Diagnostic Logging

"Which logging framework should I use?" isn't the first question you should be asking in relation to diagnostic logs. Consider these instead: 

• Can you debug your application using only the logs without a debugger attached?
• Is there so much noise and useless information in the logs that you are searching for a needle in a haystack?
• If you refactor your code, does your logging reflect the new code layout / workflow allowing you to pinpoint the cause of the problems easily?
• Do you treat your logs like a user interface? Do you regularly review them for usefulness and usability?
• Are your logs a security risk?
• Can you correlate logs to business events or user actions (e.g. correlation ID)?
• Have you tested the performance and scalability of your logs to ensure they have a negligible impact on your systems?
• Do your logs have unintended side-effects on your application? (for example, forcing participation in a distributed transaction, or even deadlocks under heavy load)

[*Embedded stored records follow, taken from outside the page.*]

text \<open>With a unit inner inverse u of x : p \<sim> q, the complements of p and q are equivalent
  to those of x u and u x, which are equivalent to each other via u.\<close>

lemma unit_regular_mvn_equiv_complements:
  assumes S: "subrng S" and g: "is_identity S g" and ur: "unit_regular S g"
    and pS: "p \<in> S" and qS: "q \<in> S" and pq: "mvn_equiv S p q"
  shows "mvn_equiv S (g - p) (g - q)"
proof -
  obtain x y where a: "x \<in> S" "y \<in> S" "x * y = p" "y * x = q"
    "p * x = x" "x * q = x" "q * y = y" "y * p = y"
    using pq by (rule mvn_equivE)
  obtain u where u: "is_unit_in S g u" "x * u * x = x" using ur a(1) unfolding unit_regular_def by blast
  have xuS: "x * u \<in> S" "u * x \<in> S" using S a(1) u(1) by (auto simp: is_unit_in_def intro: subrng_mult)
  have "p * (x * u) = x * u" "x * u * p = p" using a(3,5) u(2) by (metis mult.assoc)+
  then have 1: "mvn_equiv S (g - p) (g - x * u)"
    by (rule mvn_equiv_complements_same_right_ideal[OF S g pS xuS(1)])
  have "q * (u * x) = q" "u * x * q = u * x" using a(4,6) u(2) by (metis mult.assoc)+
  then have 2: "mvn_equiv S (g - q) (g - u * x)"
    by (rule mvn_equiv_complements_same_left_ideal[OF S g qS xuS(2)])
  show ?thesis
    using mvn_equiv_trans[OF S 1 mvn_equiv_trans[OF S mvn_equiv_complements_unit[OF S g a(1) u]
          mvn_equiv_sym[OF 2]]] .
qed

text \<open>If s : e - a c \<sim> e - c a with reverse t, then c + t is a unit (with inverse a + s).\<close>

lemma unit_inner_inverse_of_mvn_equiv_complements:
  assumes S: "subrng S" and e: "is_identity S e" and aS: "a \<in> S" and cS: "c \<in> S"
    and aca: "a * c * a = a" and cac: "c * a * c = c"
    and equiv: "mvn_equiv S (e - a * c) (e - c * a)"
  shows "\<exists>w. is_unit_in S e w \<and> a * w * a = a"
proof -
  obtain s t where st: "s \<in> S" "t \<in> S" "s * t = e - a * c" "t * s = e - c * a"
    "(e - a * c) * s = s" "s * (e - c * a) = s" "(e - c * a) * t = t" "t * (e - a * c) = t"
    using equiv by (rule mvn_equivE)
  have ea: "e * a = a" "a * e = a" "e * c = c" "c * e = c" using e aS cS unfolding is_identity_def by auto
  have "c * s = (c * e - c * a * c) * s" by (subst st(5)[symmetric]) (simp add: algebra_simps)
  then have cs: "c * s = 0" using ea cac by simp
  have "t * a = t * (e * a - a * c * a)" by (subst st(8)[symmetric]) (simp add: algebra_simps)
  then have ta: "t * a = 0" using ea aca by simp
  have "a * t = (a * e - a * c * a) * t" by (subst st(7)[symmetric]) (simp add: algebra_simps)
  then have at: "a * t = 0" using ea aca by simp
  have "s * c = s * (e * c - c * a * c)" by (subst st(6)[symmetric]) (simp add: algebra_simps)
  then have sc: "s * c = 0" using ea cac by simp
  have "(c + t) * (a + s) = e" "(a + s) * (c + t) = e"
    using cs ta at sc st(3,4) by (simp_all add: algebra_simps)
  moreover have "a * (c + t) * a = a" using aca by (simp add: distrib_left distrib_right at)
  moreover have "c + t \<in> S" "a + s \<in> S" using S aS cS st(1,2) by (auto intro: subrng_add)
  ultimately show ?thesis unfolding is_unit_in_def by blast
qed

section \<open>Corners\<close>

lemma corner_iff:
  assumes ee: "e * e = e" and sandwich: "\<And>x. x \<in> S \<Longrightarrow> e * x * e \<in> S"
  shows "z \<in> corner e S \<longleftrightarrow> z \<in> S \<and> e * z = z \<and> z * e = z"
proof
  assume "z \<in> corner e S"
  then obtain s where s: "s \<in> S" "z = e * s * e" unfolding corner_def by blast
  then have "e * z * e = z" using ee by (simp add: mult.assoc[symmetric]) (simp add: mult.assoc)
  then show "z \<in> S \<and> e * z = z \<and> z * e = z"
    using s sandwich idempotent_sandwich_iff[OF ee] by auto
next
  assume "z \<in> S \<and> e * z = z \<and> z * e = z"
  then show "z \<in> corner e S" unfolding corner_def by (metis image_eqI)
qed

lemma subrng_sandwich: "subrng S \<Longrightarrow> e \<in> S \<Longrightarrow> x \<in> S \<Longrightarrow> e * x * e \<in> S"
  by (blast intro: subrng_mult)

lemma alg_ideal_mult: "alg_ideal smult J \<Longrightarrow> x \<in> J \<Longrightarrow> r * x \<in> J"
  "alg_ideal smult J \<Longrightarrow> x \<in> J \<Longrightarrow> x * r \<in> J"
  unfolding alg_ideal_def by auto

lemma alg_ideal_sandwich: "alg_ideal smult J \<Longrightarrow> x \<in> J \<Longrightarrow> e * x * e \<in> J"
  by (blast intro: alg_ideal_mult)

lemma corner_UNIV_iff: "e * e = e \<Longrightarrow> z \<in> corner e UNIV \<longleftrightarrow> e * z = z \<and> z * e = z"
  using corner_iff[of e UNIV] by simp

lemma corner_ideal_iff:
  "alg_ideal smult J \<Longrightarrow> e * e = e \<Longrightarrow> z \<in> corner e J \<longleftrightarrow> z \<in> J \<and> e * z = z \<and> z * e = z"
  using corner_iff alg_ideal_sandwich by metis

lemma corner_mono: "S \<subseteq> T \<Longrightarrow> corner e S \<subseteq> corner e T"
  unfolding corner_def by blast

lemma subrng_corner:
  assumes S: "subrng S" and ee: "e * e = e" and sandwich: "\<And>x. x \<in> S \<Longrightarrow> e * x * e \<in> S"
  shows "subrng (corner e S)"
proof -
  note mem = corner_iff[OF ee sandwich]
  show ?thesis unfolding subrng_def
  proof (intro conjI ballI)
    show "0 \<in> corner e S" using mem S by (simp add: subrng_zero)
    fix x y assume "x \<in> corner e S" "y \<in> corner e S"
    then have x: "x \<in> S" "e * x = x" "x * e = x" and y: "y \<in> S" "e * y = y" "y * e = y"
      using mem by auto
    have "e * (x * y) = x * y" "x * y * e = x * y"
      using x y by (simp_all add: mult.assoc[symmetric]) (simp add: mult.assoc)
    then show "x * y \<in> corner e S" using mem x y S by (auto intro: subrng_mult)
    show "x + y \<in> corner e S" "x - y \<in> corner e S"
      using x y S mem by (auto simp: algebra_simps intro: subrng_add subrng_diff)
  qed
qed

lemma is_identity_corner:
  assumes ee: "e * e = e" and eS: "e \<in> S"
  shows "is_identity (corner e S) e"
proof -
  have "e = e * e * e" using ee by simp
  then have "e \<in> corner e S" unfolding corner_def using eS by blast
  then show ?thesis
    unfolding is_identity_def corner_def using ee by (auto simp: mult.assoc[symmetric]) (simp add: mult.assoc)
qed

Once you're confident that you're able to answer the above questions satisfactorily, the original question about which logging framework to use: It depends on your technology and your needs. Whatever those turn out to be, here's the list of features I usually look for:

• Filtering/Targeting: Based on category or log source, I can filter the log output or target log output from different components to different places.
• Pluggable sinks: Can I redirect log output to custom sinks and are there libraries of built-in sinks to choose from?
• Can the framework gather extra contextual information so I don’t have to gather it when I want to log (e.g. thread id/name, class name, machine name, timestamp etc.)
• Is the framework performant? Does it mostly evaluate to a no-op if I have logging verbosity turned down?
• Can I dynamically change the logging verbosity in production in response to an event? I've seen some production systems direct all Debug info to an in-memory buffer and only dump that buffer to disk when an error level event happens (allowing you to see a bunch of debug info from *prior* to the error)
• Can I adjust the formatting of the output? Are there built in formats compatible with log reading tools?
• Do you actively manage the size of your logs? Rolling file and auto cleanup are useful.

Good logging practices have served me well over the years, but for every new system I build, I tend to use less and less logging - down to the point where I'm only logging macro level tasks that are going to change the internal state or configuration of the system in a major way. I find myself getting closer to the guidelines posted by Jeff Atwood.